Владислав не спеша одевается — душно обоим. Оранжевый вечер глядится в окно, завтра будет непогода. Но сегодня солнце смотрит сквозь поредевшие облака.
— Зоя. Жизнь. Ты пока в паломничество не пускайся. Я вернусь. Беспременно.
На следующий день Зоя послушно ждёт. Бродит по саду, обламывает сухие ветки с плодовых и бесплодных деревьев, смотрит в печной огонь, пытаясь расшифровать его арабески. Есть неохота, хотя в мешке найдутся припасы на первое время. А вот кофе легко идёт: славно, что хотя бы эта отрава имеется.
Волек пришел нежданно-негаданно, хоть и глаза проглядела.
— Вот, подарок тебе. Рядом с ключом и крестом повесь.
Овальный слиточек из перевитых прядок разного цвета: желтых, красных, рыжих. Будто расплавились, но не перемешались. И ушко на нем.
— Амулет. Сегодня слепил.
Это вульгарное словцо режет слух — но в нём имеется какой-то иной смысл, пугающе буквальный.
Но Зоя не успевает додумать эту мысль — минуту спустя любовное безумие накрывает обоих снова. И сливает день с ночью.
Утром снова уходит: жди. Разжигай своё пламя втуне.
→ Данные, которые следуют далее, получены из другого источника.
(* Let $\mathcal{X}$ be a compact subset of a Euclidean space, $k$ a continuous positive definite kernel on $\mathcal{X}$ with RKHS $\mathcal{H}_k$ and closed unit ball $\mathcal{H}_k^1$, $\rho$ a Borel probability measure on $\mathcal{X}$, and $(\lambda_l)_{l\ge1}$ the eigenvalues of $(K_\rho g)(x)=\int_{\mathcal{X}}k(x,x')g(x')\,d\rho(x')$ on $L^2(\rho)$ in nonincreasing order with multiplicity (padded with zeros if finitely many are nonzero). Then for any $n\ge1$ and $x_1,\dots,x_n\in\mathcal{X}$, $$\mathbb{E}_{x\sim\rho}\Big[\sup_{f\in\mathcal{H}_k^1,\ f(x_1)=\dots=f(x_n)=0}|f(x)|^2\Big]\ge\sum_{l=n+1}^\infty\lambda_l.$$
   Context: A continuous positive definite kernel $k$ on $\mathcal{X}$ is a continuous symmetric function with $\sum_{i,j}a_ia_jk(x_i,x_j)\ge0$ for all finite families; $\mathcal{H}_k$ is the associated reproducing kernel Hilbert space, with reproducing property $f(x)=\langle f,k(x,\cdot)\rangle_{\mathcal{H}_k}$. *)

theory Defs
  imports "HOL-Probability.Probability"
begin

definition pd_kernel :: "'a::topological_space set \<Rightarrow> ('a \<Rightarrow> 'a \<Rightarrow> real) \<Rightarrow> bool" where
  "pd_kernel X k \<longleftrightarrow>
     continuous_on (X \<times> X) (\<lambda>(x, y). k x y) \<and>
     (\<forall>x\<in>X. \<forall>y\<in>X. k x y = k y x) \<and>
     (\<forall>m (a :: nat \<Rightarrow> real) (z :: nat \<Rightarrow> 'a). (\<forall>i<m. z i \<in> X) \<longrightarrow>
        0 \<le> (\<Sum>i<m. \<Sum>j<m. a i * a j * k (z i) (z j)))"

text \<open>Elements of the pre-RKHS span{k(y,.)}: finite representations
  (coefficients c, centres y, length m), i.e. sum_{i<m} c_i k(y_i, .).\<close>
type_synonym 'a krep = "(nat \<Rightarrow> real) \<times> (nat \<Rightarrow> 'a) \<times> nat"

definition krep_in :: "'a set \<Rightarrow> 'a krep \<Rightarrow> bool" where
  "krep_in X r \<longleftrightarrow> (case r of (c, y, m) \<Rightarrow> \<forall>i<m. y i \<in> X)"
Зоя смотрится в зеркало, упрятанное в недра славянского шкафа: наверное, когда-то узкое пространство между отделений служило сервантом. Она сильно похудела в эти считанные дни — но и похорошела. Зеленоватые глаза обведены черным и блестят, губы напухли, прямые волосы чуть завились на концах.
Когда она выбирается за ограду — та, впрочем, капитулировала наподобие самой Зои и теперь лежит на вялой траве — за поворотом ждёт прекрасная неожиданность. К бывшему продуктовому магазинчику подъехала крестьянская лошадка с возком, на котором, белым по синему, неумело выписано слово «Хлеб». И что самое замечательное — так и есть взаправду. Некий сельский житель решил подкормить остатки дачного населения самодельным продуктом. Хилая очередь из трех-четырех человек стоит терпеливо. Добавочное удовольствие — вдыхать упоительный дух свежей выпечки, торговаться напоказ, выбирать из нехитрого изобилия: взять калач, халу или франзольку? А, может быть, калорийную булку, сдобренную хрустящим, с косточкой, изюмом?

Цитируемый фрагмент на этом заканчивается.